The latest digital device designs keep getting smaller, faster, and more efficient. Mainstay 5 V logic is joined by ever lower voltage standards like 3.3 V, 2.5 V, 1.8 V, and lower, resulting in the need for a methodology that allows mismatched systems to reliably and efficiently communicate. Designers need to ensure that a logical 1 or logical 0 is achievable in a predictable manner across these platforms.

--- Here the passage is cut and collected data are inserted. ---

lemma amse_variance_gap:
  fixes V1 V2 :: "real^'p^'p"
  assumes pd1: "pos_def_mat V1" and pd2: "pos_def_mat V2"
  obtains c where "c > 0"
    "\<And>lam. lam \<ge> 0 \<Longrightarrow> c * lam / (1 + lam)\<^sup>2 \<le> trace (matrix_inv V2) - amse_variance V1 V2 lam"
proof -
  obtain m where m: "m > 0" "\<And>x. m * (norm x)\<^sup>2 \<le> x \<bullet> (V1 *v x)"
    using pos_def_mat_coercive[OF pd1] by blast
  obtain K where K: "K > 0" "\<And>lam x. lam \<ge> 0 \<Longrightarrow> norm ((V2 + lam *\<^sub>R V1) *v x) \<le> K * (1 + lam) * norm x"
    using norm_matrix_pencil_le[of V2 V1] by metis
  have "2 * m / K\<^sup>2 * lam / (1 + lam)\<^sup>2 \<le> trace (matrix_inv V2) - amse_variance V1 V2 lam"
    if lam: "lam \<ge> 0" for lam
  proof -
    define u where "u i = matrix_inv (V2 + lam *\<^sub>R V1) *v axis i 1" for i
    obtain i0 :: 'p where True by blast
    have k: "K * (1 + lam) > 0"
      using K(1) lam by simp
    have "1 \<le> K * (1 + lam) * norm (u i0)"
      using K(2)[OF lam, of "u i0"] pos_def_mat_add_scaleR[OF pd1 pd2 lam] unfolding u_def
      by (simp add: pos_def_mat_invertible invertible_matrix_inv_cancel)
    then have "1 / (K * (1 + lam)) \<le> norm (u i0)"
      using k by (simp add: divide_le_eq mult.commute)
    then have "(1 / (K * (1 + lam)))\<^sup>2 \<le> (norm (u i0))\<^sup>2"
      using k by (intro power_mono) auto
    then have "2 * lam * m * (1 / (K * (1 + lam)))\<^sup>2 \<le> 2 * lam * m * (norm (u i0))\<^sup>2"
      using lam m(1) by (intro mult_left_mono) auto
    then have "2 * m / K\<^sup>2 * lam / (1 + lam)\<^sup>2 \<le> 2 * lam * (m * (norm (u i0))\<^sup>2)"
      by (simp add: power_divide power_mult_distrib mult_ac)
    also have "\<dots> \<le> 2 * lam * (u i0 \<bullet> (V1 *v u i0))"
      using m(2) lam by (simp add: mult_left_mono)
    also have "\<dots> \<le> 2 * lam * (\<Sum>i\<in>UNIV. u i \<bullet> (V1 *v u i))"
      using pos_def_mat_inner_nonneg[OF pd1] lam by (intro mult_left_mono member_le_sum) auto
    also have "\<dots> \<le> trace (matrix_inv V2) - amse_variance V1 V2 lam"
      unfolding u_def by (rule amse_variance_gap_ge_sum[OF pd1 pd2 lam])
    finally show ?thesis .
  qed
  moreover have "2 * m / K\<^sup>2 > 0"
    using m K by simp
  ultimately show ?thesis
    using that by blast
qed

lemma amse_bias_le:
  fixes V1 V2 :: "real^'p^'p"
  assumes pd1: "pos_def_mat V1" and pd2: "pos_def_mat V2"
  obtains B where "\<And>lam. lam \<ge> 0 \<Longrightarrow> amse_bias V1 V2 w lam \<le> B"
proof -
  obtain m where m: "m > 0" "\<And>x. m * (norm x)\<^sup>2 \<le> x \<bullet> (V2 *v x)"
    using pos_def_mat_coercive[OF pd2] by blast
  have "amse_bias V1 V2 w lam \<le> (norm w / m)\<^sup>2" if lam: "lam \<ge> 0" for lam
  proof -
    define S where "S = V2 + lam *\<^sub>R V1"
    have pdS: "pos_def_mat S"
      unfolding S_def using pos_def_mat_add_scaleR[OF pd1 pd2 lam] .
    have "m * (norm x)\<^sup>2 \<le> x \<bullet> (S *v x)" for x
      using m(2)[of x] pos_def_mat_inner_nonneg[OF pd1, of x] lam unfolding S_def
      by (simp add: matrix_vector_mult_add_rdistrib inner_add_right
          scaleR_matrix_vector_assoc[symmetric] add_increasing2)
    then have "m * norm (matrix_inv S *v w) \<le> norm w"
      using norm_le_norm_matrix_vector_mult_of_coercive pdS
      by (metis pos_def_mat_invertible invertible_matrix_inv_cancel)
    then have "norm (matrix_inv S *v w) \<le> norm w / m"
      using m(1) by (simp add: field_simps)
    then show ?thesis
      using inner_matrix_inv_square[OF pdS, of w] unfolding amse_bias_def S_def
      by (simp add: power_mono)
  qed
  then show ?thesis
    using that by blast
qed

lemma amse_bias_ge:
  fixes V1 V2 :: "real^'p^'p"
  assumes pd1: "pos_def_mat V1" and pd2: "pos_def_mat V2"
  obtains c where "c > 0"
    "\<And>lam. lam \<ge> 0 \<Longrightarrow> c * (norm w)\<^sup>2 \<le> (1 + lam)\<^sup>2 * amse_bias V1 V2 w lam"
proof -
  obtain K where K: "K > 0" "\<And>lam x. lam \<ge> 0 \<Longrightarrow> norm ((V2 + lam *\<^sub>R V1) *v x) \<le> K * (1 + lam) * norm x"
    using norm_matrix_pencil_le[of V2 V1] by metis
  have "1 / K\<^sup>2 * (norm w)\<^sup>2 \<le> (1 + lam)\<^sup>2 * amse_bias V1 V2 w lam" if lam: "lam \<ge> 0" for lam
  proof -
    define S where "S = V2 + lam *\<^sub>R V1"
    have pdS: "pos_def_mat S"
      unfolding S_def using pos_def_mat_add_scaleR[OF pd1 pd2 lam] .
    have "norm w \<le> K * (1 + lam) * norm (matrix_inv S *v w)"
      using K(2)[OF lam, of "matrix_inv S *v w"] pdS unfolding S_def
      by (simp add: pos_def_mat_invertible invertible_matrix_inv_cancel)
    then have "(norm w)\<^sup>2 \<le> K\<^sup>2 * ((1 + lam)\<^sup>2 * (norm (matrix_inv S *v w))\<^sup>2)"
      by (metis power_mono norm_ge_zero power_mult_distrib mult.assoc)
    then show ?thesis
      using K(1) inner_matrix_inv_square[OF pdS, of w] unfolding amse_bias_def S_def
      by (simp add: field_simps)
  qed
  moreover have "1 / K\<^sup>2 > 0"
    using K(1) by simp
  ultimately show ?thesis
    using that by blast
qed

lemma aMSE_less_aMSE_zero_near_zero:
  fixes V1 V2 :: "real^'p^'p"
  assumes pd1: "pos_def_mat V1" and pd2: "pos_def_mat V2" and dg: "dg > 0"
  obtains lam0 where "lam0 > 0"
    "\<And>lam. 0 < lam \<Longrightarrow> lam < lam0 \<Longrightarrow> aMSE dg V1 V2 w n1 n2 lam < aMSE dg V1 V2 w n1 n2 0"
proof -
  obtain c where c: "c > 0"
    "\<And>lam. lam \<ge> 0 \<Longrightarrow> c * lam / (1 + lam)\<^sup>2 \<le> trace (matrix_inv V2) - amse_variance V1 V2 lam"
    using amse_variance_gap[OF pd1 pd2] by blast
  obtain B where B: "\<And>lam. lam \<ge> 0 \<Longrightarrow> amse_bias V1 V2 w lam \<le> B"
    using amse_bias_le[OF pd1 pd2] by blast
  define a where "a = dg * c / 4"
  define E where "E = real n2 * B / (real n1)\<^sup>2"
  define lam0 where "lam0 = min 1 (a / (\<bar>E\<bar> + 1))"
  have "aMSE dg V1 V2 w n1 n2 lam < aMSE dg V1 V2 w n1 n2 0" if lam: "0 < lam" "lam < lam0" for lam
  proof -
    have "lam * \<bar>E\<bar> < a"
      using lam dg c(1) unfolding lam0_def a_def by (simp add: field_simps)
    moreover have "lam * E \<le> lam * \<bar>E\<bar>"
      using lam by (intro mult_left_mono) auto
    ultimately have "lam * E < a"
      by linarith
    have "real n2 * lam\<^sup>2 / (real n1)\<^sup>2 * amse_bias V1 V2 w lam
        \<le> real n2 * lam\<^sup>2 / (real n1)\<^sup>2 * B"
      using B[of lam] lam by (intro mult_left_mono) auto
    also have "\<dots> = lam * (lam * E)"
      by (simp add: E_def power2_eq_square)
    also have "\<dots> < lam * a"
      using \<open>lam * E < a\<close> lam by simp
    also have "\<dots> \<le> dg * (c * lam / (1 + lam)\<^sup>2)"
    proof -
      have "(1 + lam)\<^sup>2 \<le> 2\<^sup>2"
        using lam unfolding lam0_def by (intro power_mono) auto
      then show ?thesis
        using lam dg c(1) unfolding a_def by (simp add: field_simps)
    qed
    also have "\<dots> \<le> dg * (trace (matrix_inv V2) - amse_variance V1 V2 lam)"
      using c(2)[of lam] lam dg by (intro mult_left_mono) auto
    finally show ?thesis
      by (simp add: aMSE_eq amse_variance_zero[OF pd2] algebra_simps)
  qed
  moreover have "lam0 > 0"
    using dg c(1) unfolding lam0_def a_def by simp
  ultimately show ?thesis
    using that by blast
qed

lemma aMSE_less_aMSE_zero_unbiased:
  fixes V1 V2 :: "real^'p^'p"
  assumes pd1: "pos_def_mat V1" and pd2: "pos_def_mat V2" and dg: "dg > 0" and lam: "lam > 0"
  shows "aMSE dg V1 V2 0 n1 n2 lam < aMSE dg V1 V2 0 n1 n2 0"
proof -
  obtain c where c: "c > 0"
    "\<And>lam. lam \<ge> 0 \<Longrightarrow> c * lam / (1 + lam)\<^sup>2 \<le> trace (matrix_inv V2) - amse_variance V1 V2 lam"
    using amse_variance_gap[OF pd1 pd2] by blast
  have "0 < c * lam / (1 + lam)\<^sup>2"
    using c(1) lam by simp
  then have "amse_variance V1 V2 lam < trace (matrix_inv V2)"
    using c(2)[of lam] lam by simp
  then show ?thesis
    using dg by (simp add: aMSE_eq amse_bias_def amse_variance_zero[OF pd2])
qed

lemma aMSE_le_aMSE_zero_imp_bias_le:
  fixes V1 V2 :: "real^'p^'p"
  assumes pd1: "pos_def_mat V1" and pd2: "pos_def_mat V2" and dg: "dg > 0" and lam: "lam \<ge> 0"
    and le: "aMSE dg V1 V2 w n1 n2 lam \<le> aMSE dg V1 V2 w n1 n2 0"
  shows "real n2 * lam\<^sup>2 / (real n1)\<^sup>2 * amse_bias V1 V2 w lam \<le> dg * trace (matrix_inv V2)"
proof -
  have "real n2 * lam\<^sup>2 / (real n1)\<^sup>2 * amse_bias V1 V2 w lam
      \<le> dg * (trace (matrix_inv V2) - amse_variance V1 V2 lam)"
    using le by (simp add: aMSE_eq amse_variance_zero[OF pd2] algebra_simps)
  also have "\<dots> \<le> dg * trace (matrix_inv V2)"
    using amse_variance_nonneg[OF pd1 pd2 lam] dg by (simp add: algebra_simps)
  finally show ?thesis .
qed

lemma le_of_square_le_square_one_plus:
  fixes a D lam :: real
  assumes lam: "0 \<le> lam" and a: "0 < a"
    and sq: "a * lam\<^sup>2 \<le> D * (1 + lam)\<^sup>2" and large: "4 * D \<le> a"
  shows "lam \<le> 2 * sqrt D / sqrt a"
proof -
  have "0 \<le> D * (1 + lam)\<^sup>2"
    using a by (intro order_trans[OF _ sq]) simp
  then have D: "0 \<le> D"
    using lam by (simp add: zero_le_mult_iff)
  have "sqrt (a * lam\<^sup>2) \<le> sqrt (D * (1 + lam)\<^sup>2)"
    using sq by (rule real_sqrt_le_mono)
  then have "sqrt a * lam \<le> sqrt D * (1 + lam)"
    using lam by (simp add: real_sqrt_mult)
  moreover have "2 * sqrt D \<le> sqrt a"
    using large D by (metis real_sqrt_le_mono real_sqrt_four real_sqrt_mult)
  moreover have "2 * sqrt D * lam \<le> sqrt a * lam"
    using calculation(2) lam by (rule mult_right_mono)
  ultimately have "sqrt a * lam \<le> 2 * sqrt D"
    by (simp add: algebra_simps)
  then show ?thesis
    using a by (simp add: field_simps)
qed

lemma aMSE_le_aMSE_zero_imp_lambda_le:
  fixes V1 V2 :: "real^'p^'p"
  assumes pd1: "pos_def_mat V1" and pd2: "pos_def_mat V2" and dg: "dg > 0"
    and n1: "n1 > 0" and w: "w \<noteq> 0"
  obtains C N where "\<And>n2 lam. N \<le> n2 \<Longrightarrow> 0 < lam \<Longrightarrow>
      aMSE dg V1 V2 w n1 n2 lam \<le> aMSE dg V1 V2 w n1 n2 0 \<Longrightarrow> lam \<le> C / sqrt (real n2)"
proof -
  obtain c where c: "c > 0"
    "\<And>lam. lam \<ge> 0 \<Longrightarrow> c * (norm w)\<^sup>2 \<le> (1 + lam)\<^sup>2 * amse_bias V1 V2 w lam"
    using amse_bias_ge[OF pd1 pd2] by blast
  define a where "a = c * (norm w)\<^sup>2 / (real n1)\<^sup>2"
  define D where "D = dg * trace (matrix_inv V2)"
  have a: "a > 0"
    using c(1) w n1 unfolding a_def by simp
  have "lam \<le> 2 * sqrt D / sqrt a / sqrt (real n2)"
    if n2: "nat \<lceil>4 * D / a\<rceil> + 1 \<le> n2" and lam: "0 < lam"
      and le: "aMSE dg V1 V2 w n1 n2 lam \<le> aMSE dg V1 V2 w n1 n2 0" for n2 lam
  proof -
    have n2_pos: "real n2 > 0"
      using n2 by simp
    have bias_le: "real n2 * lam\<^sup>2 / (real n1)\<^sup>2 * amse_bias V1 V2 w lam \<le> D"
      unfolding D_def using aMSE_le_aMSE_zero_imp_bias_le[OF pd1 pd2 dg _ le] lam by simp
    have "(real n2 * a) * lam\<^sup>2 = real n2 * lam\<^sup>2 / (real n1)\<^sup>2 * (c * (norm w)\<^sup>2)"
      unfolding a_def by (simp add: field_simps)
    also have "\<dots> \<le> real n2 * lam\<^sup>2 / (real n1)\<^sup>2 * ((1 + lam)\<^sup>2 * amse_bias V1 V2 w lam)"
      using c(2)[of lam] lam by (intro mult_left_mono) auto
    also have "\<dots> \<le> D * (1 + lam)\<^sup>2"
      using bias_le mult_right_mono[OF bias_le, of "(1 + lam)\<^sup>2"] by (simp add: algebra_simps)
    finally have "(real n2 * a) * lam\<^sup>2 \<le> D * (1 + lam)\<^sup>2" .
    moreover have "4 * D \<le> real n2 * a"
    proof -
      have "4 * D / a \<le> real n2"
        using real_nat_ceiling_ge[of "4 * D / a"] n2 by linarith
      then show ?thesis
        using a by (simp add: divide_le_eq)
    qed
    ultimately have "lam \<le> 2 * sqrt D / sqrt (real n2 * a)"
      using a n2_pos lam by (intro le_of_square_le_square_one_plus) auto
    then show ?thesis
      by (simp add: real_sqrt_mult field_simps)
  qed
  then show ?thesis
    using that by blast
qed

Translation/isolation between binary or two-stage logic voltages promotes predictable circuit behavior. Designers may reason that a 3.3 V signal on a 5 V pin “should work” but that is not always the case under all conditions. Conversely, 5 V on a 3.3 V, 5 V tolerant pin certainly works in most instances, but this method is more expensive due to additional components and “burning off” the excess voltage in some cases.

Is There an Alternative?

Active Translator/Level Shifting devices solve common translation issues and may even provide additional useful functions such as inversion, push-pull output, tri-state, or differential functionality. But how about something less complex that allows for wider logic voltage levels and bidirectional communication? A discrete, compact MOSFET can accomplish translation at high frequency and efficiency. Level shifting for communication such as I²C and direct GPIO pin to pin connection is achieved using these inexpensive semiconductors and a few additional passive devices. Properly chosen MOSFETs allow for higher logic voltages, such as 12 V or 18 V, that may also be used for monitoring automotive circuits as an example.

Note: I²C  in Hs-Mode (High speed) may require more refined components such as NXP’s PCA9306 bidirectional translator.

Example: BS170 (N-Channel Enhancement Mode Field Effect Transistor)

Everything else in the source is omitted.